Since then, however, the State Department rewards website has listed only a handful of the nearly 150 victims of Palestinian terror. Now Herut USA is taking up the cause. In a recent op-ed, Phillips blasted State for not including the Levine case, and Herut activists recently collected hundreds of signatures on their “Justice for Rita” petition at a local community event.
“People were coming over to our table all day long, to express their shock that other Jewish organizations have not been pushing for justice for Rita,” Phillips said. “We will fill that vacuum.”
TEST AT THE BALLOT BOX
Will Herut USA’s new high profile translate into votes at the ballot box?
Early next year, American Zionists will cast their ballots for delegates to the 2020 World Zionist Congress. In the previous election, in 2015, Herut won enough votes for just one seat.

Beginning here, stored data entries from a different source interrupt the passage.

(* Let $n\ge1$. If $f,g,h:\Omega_n\to\mathbb{R}$ have mutually disjoint supports, then $\int(f+g+h)\,d\mu_n=\int(f+g)\,d\mu_n+\int(f+h)\,d\mu_n+\int(g+h)\,d\mu_n-\int f\,d\mu_n-\int g\,d\mu_n-\int h\,d\mu_n$.
   Context: For $n\ge1$, $\Omega_n=\{\omega_0,\dots,\omega_{2^n-1}\}$ is the set of strings $\alpha_0\alpha_1\cdots\alpha_n$ with $\alpha_k\in\{0,1\}$, $\alpha_0=0$, $\omega_j$ being the binary representation of $j$ (with $\alpha_n$ least significant). $D^n_{jk}=D^n(\omega_j,\omega_k)$ where $D^n(\omega,\omega')=2^{-n}\prod_{k=1}^n i^{|\alpha_k-\alpha_{k-1}|}\prod_{k=1}^n i^{-|\alpha'_k-\alpha'_{k-1}|}\,\delta_{\alpha_n\alpha'_n}$ for $\omega=\alpha_0\cdots\alpha_n$, $\omega'=\alpha'_0\cdots\alpha'_n$ ($i=\sqrt{-1}$). For $u:\Omega_n\to[0,\infty)$, $\int u\,d\mu_n=\sum_{j,k=0}^{2^n-1}\min[u(\omega_j),u(\omega_k)]\,D^n_{jk}$; for arbitrary $f:\Omega_n\to\mathbb{R}$ written as $f=f^+-f^-$ with $f^\pm\ge0$, $f^+f^-=0$, $\int f\,d\mu_n=\int f^+d\mu_n-\int f^-d\mu_n$. *)

theory Defs
  imports "HOL-Analysis.Analysis"
begin

text \<open>Omega_n is identified with the index set {0..<2^n}: the index j stands for
  omega_j = alpha_0 alpha_1 ... alpha_n, the binary representation of j with n+1 digits,
  alpha_n least significant, so alpha_k = bit (n-k) of j (alpha_0 = 0 since j < 2^n).\<close>

definition alpha :: "nat \<Rightarrow> nat \<Rightarrow> nat \<Rightarrow> nat" where
  "alpha n j k = (j div 2 ^ (n - k)) mod 2"

definition Dn :: "nat \<Rightarrow> nat \<Rightarrow> nat \<Rightarrow> complex" where
  "Dn n j l = (1 / 2 ^ n) *
     (\<Prod>k\<in>{1..n}. \<i> ^ (nat \<bar>int (alpha n j k) - int (alpha n j (k - 1))\<bar>)) *
     (\<Prod>k\<in>{1..n}. inverse \<i> ^ (nat \<bar>int (alpha n l k) - int (alpha n l (k - 1))\<bar>)) *
     (if alpha n j n = alpha n l n then 1 else 0)"

definition int_pos :: "nat \<Rightarrow> (nat \<Rightarrow> real) \<Rightarrow> complex" where
  "int_pos n u = (\<Sum>j<2 ^ n. \<Sum>l<2 ^ n. complex_of_real (min (u j) (u l)) * Dn n j l)"

definition int_mu :: "nat \<Rightarrow> (nat \<Rightarrow> real) \<Rightarrow> complex" where
  "int_mu n f = int_pos n (\<lambda>j. max (f j) 0) - int_pos n (\<lambda>j. max (- f j) 0)"

end

theory Submission
  imports Defs
begin

text \<open>The general case
  reduces to this one since the positive and negative parts of f + g + h are the
  sums of those of f, g and h.\<close>

lemma min_inclusion_exclusion:
  fixes a b c a' b' c' :: real
  assumes "a \<ge> 0" "b \<ge> 0" "c \<ge> 0" "a' \<ge> 0" "b' \<ge> 0" "c' \<ge> 0"
    and "a = 0 \<or> b = 0" "a = 0 \<or> c = 0" "b = 0 \<or> c = 0"
    and "a' = 0 \<or> b' = 0" "a' = 0 \<or> c' = 0" "b' = 0 \<or> c' = 0"
  shows "min (a + b + c) (a' + b' + c') =
           min (a + b) (a' + b') + min (a + c) (a' + c') + min (b + c) (b' + c')
           - min a a' - min b b' - min c c'"
  using assms by (auto simp: min_def)

lemma int_pos_cong:
  assumes "\<And>j. j < 2 ^ n \<Longrightarrow> u j = v j"
  shows "int_pos n u = int_pos n v"
  unfolding int_pos_def using assms by (intro sum.cong refl) auto

lemma int_pos_inclusion_exclusion:
  fixes u v w :: "nat \<Rightarrow> real"
  assumes nonneg: "\<And>j. j < 2 ^ n \<Longrightarrow> u j \<ge> 0 \<and> v j \<ge> 0 \<and> w j \<ge> 0"
    and disjoint: "\<And>j. j < 2 ^ n \<Longrightarrow>
      (u j = 0 \<or> v j = 0) \<and> (u j = 0 \<or> w j = 0) \<and> (v j = 0 \<or> w j = 0)"
  shows "int_pos n (\<lambda>j. u j + v j + w j) =
           int_pos n (\<lambda>j. u j + v j) + int_pos n (\<lambda>j. u j + w j) + int_pos n (\<lambda>j. v j + w j)
           - int_pos n u - int_pos n v - int_pos n w"
proof -
  have pointwise: "min (u j + v j + w j) (u l + v l + w l) =
      min (u j + v j) (u l + v l) + min (u j + w j) (u l + w l) + min (v j + w j) (v l + w l)
      - min (u j) (u l) - min (v j) (v l) - min (w j) (w l)"
    if "j < 2 ^ n" "l < 2 ^ n" for j l
    by (rule min_inclusion_exclusion)
      (use nonneg[OF that(1)] nonneg[OF that(2)] disjoint[OF that(1)] disjoint[OF that(2)] in auto)
  have "int_pos n (\<lambda>j. u j + v j + w j) =
      (\<Sum>j<2 ^ n. \<Sum>l<2 ^ n. complex_of_real
        (min (u j + v j) (u l + v l) + min (u j + w j) (u l + w l) + min (v j + w j) (v l + w l)
         - min (u j) (u l) - min (v j) (v l) - min (w j) (w l)) * Dn n j l)"
    unfolding int_pos_def by (intro sum.cong refl) (simp add: pointwise)
  also have "\<dots> = int_pos n (\<lambda>j. u j + v j) + int_pos n (\<lambda>j. u j + w j)
      + int_pos n (\<lambda>j. v j + w j) - int_pos n u - int_pos n v - int_pos n w"
    unfolding int_pos_def
    by (simp add: sum.distrib[symmetric] sum_subtractf[symmetric] algebra_simps)
  finally show ?thesis .
qed

lemma int_pos_comp_inclusion_exclusion:
  fixes F :: "real \<Rightarrow> real" and f g h :: "nat \<Rightarrow> real"
  assumes F0: "F 0 = 0" and F_nonneg: "\<And>x. F x \<ge> 0"
    and fg: "\<forall>j<2 ^ n. f j = 0 \<or> g j = 0"
    and fh: "\<forall>j<2 ^ n. f j = 0 \<or> h j = 0"
    and gh: "\<forall>j<2 ^ n. g j = 0 \<or> h j = 0"
  shows "int_pos n (\<lambda>j. F (f j + g j + h j)) =
           int_pos n (\<lambda>j. F (f j + g j)) + int_pos n (\<lambda>j. F (f j + h j))
           + int_pos n (\<lambda>j. F (g j + h j))
           - int_pos n (\<lambda>j. F (f j)) - int_pos n (\<lambda>j. F (g j)) - int_pos n (\<lambda>j. F (h j))"
proof -
  have additive: "F (a + b) = F a + F b" if "a = 0 \<or> b = 0" for a b
    using F0 that by auto
  have "f j + g j = 0 \<or> h j = 0" if "j < 2 ^ n" for j
    using fh gh that by force
  then have split:
    "int_pos n (\<lambda>j. F (f j + g j + h j)) = int_pos n (\<lambda>j. F (f j) + F (g j) + F (h j))"
    "int_pos n (\<lambda>j. F (f j + g j)) = int_pos n (\<lambda>j. F (f j) + F (g j))"
    "int_pos n (\<lambda>j. F (f j + h j)) = int_pos n (\<lambda>j. F (f j) + F (h j))"
    "int_pos n (\<lambda>j. F (g j + h j)) = int_pos n (\<lambda>j. F (g j) + F (h j))"
    using fg fh gh by (auto intro!: int_pos_cong simp: additive)
  have "int_pos n (\<lambda>j. F (f j) + F (g j) + F (h j)) =
      int_pos n (\<lambda>j. F (f j) + F (g j)) + int_pos n (\<lambda>j. F (f j) + F (h j))
      + int_pos n (\<lambda>j. F (g j) + F (h j))
      - int_pos n (\<lambda>j. F (f j)) - int_pos n (\<lambda>j. F (g j)) - int_pos n (\<lambda>j. F (h j))"
    by (rule int_pos_inclusion_exclusion) (use F0 F_nonneg fg fh gh in auto)
  then show ?thesis
    by (simp only: split)
qed

theorem corollary5p5:
  fixes n :: nat and f g h :: "nat \<Rightarrow> real"
  assumes "n \<ge> 1"
    and "\<forall>j<2 ^ n. f j = 0 \<or> g j = 0"
    and "\<forall>j<2 ^ n. f j = 0 \<or> h j = 0"
    and "\<forall>j<2 ^ n. g j = 0 \<or> h j = 0"
  shows "int_mu n (\<lambda>j. f j + g j + h j) =
           int_mu n (\<lambda>j. f j + g j) + int_mu n (\<lambda>j. f j + h j) + int_mu n (\<lambda>j. g j + h j)
           - int_mu n f - int_mu n g - int_mu n h"
proof -
  have positive_part: "int_pos n (\<lambda>j. max (f j + g j + h j) 0) =
      int_pos n (\<lambda>j. max (f j + g j) 0) + int_pos n (\<lambda>j. max (f j + h j) 0)
      + int_pos n (\<lambda>j. max (g j + h j) 0)
      - int_pos n (\<lambda>j. max (f j) 0) - int_pos n (\<lambda>j. max (g j) 0) - int_pos n (\<lambda>j. max (h j) 0)"
    by (rule int_pos_comp_inclusion_exclusion) (use assms in auto)
  have negative_part: "int_pos n (\<lambda>j. max (- (f j + g j + h j)) 0) =
      int_pos n (\<lambda>j. max (- (f j + g j)) 0) + int_pos n (\<lambda>j. max (- (f j + h j)) 0)
      + int_pos n (\<lambda>j. max (- (g j + h j)) 0)
      - int_pos n (\<lambda>j. max (- f j) 0) - int_pos n (\<lambda>j. max (- g j) 0) - int_pos n (\<lambda>j. max (- h j) 0)"
    by (rule int_pos_comp_inclusion_exclusion[where F = "\<lambda>x. max (- x) 0"]) (use assms in auto)
  show ?thesis
    unfolding int_mu_def positive_part negative_part by (simp add: algebra_simps)
qed

end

Herut’s share of the vote is likely to increase this time around, although just how much it will rise remains to be seen. Phillips and his colleagues will face competition on the right from several older, more established Zionist groups.
Phillips doesn’t mind being the new kid on the block. “Today’s Herut represents a fresh young face in the American Zionist movement,” he says. “We say things that others are afraid to say, and we raise ideas that the Jewish community needs to hear.”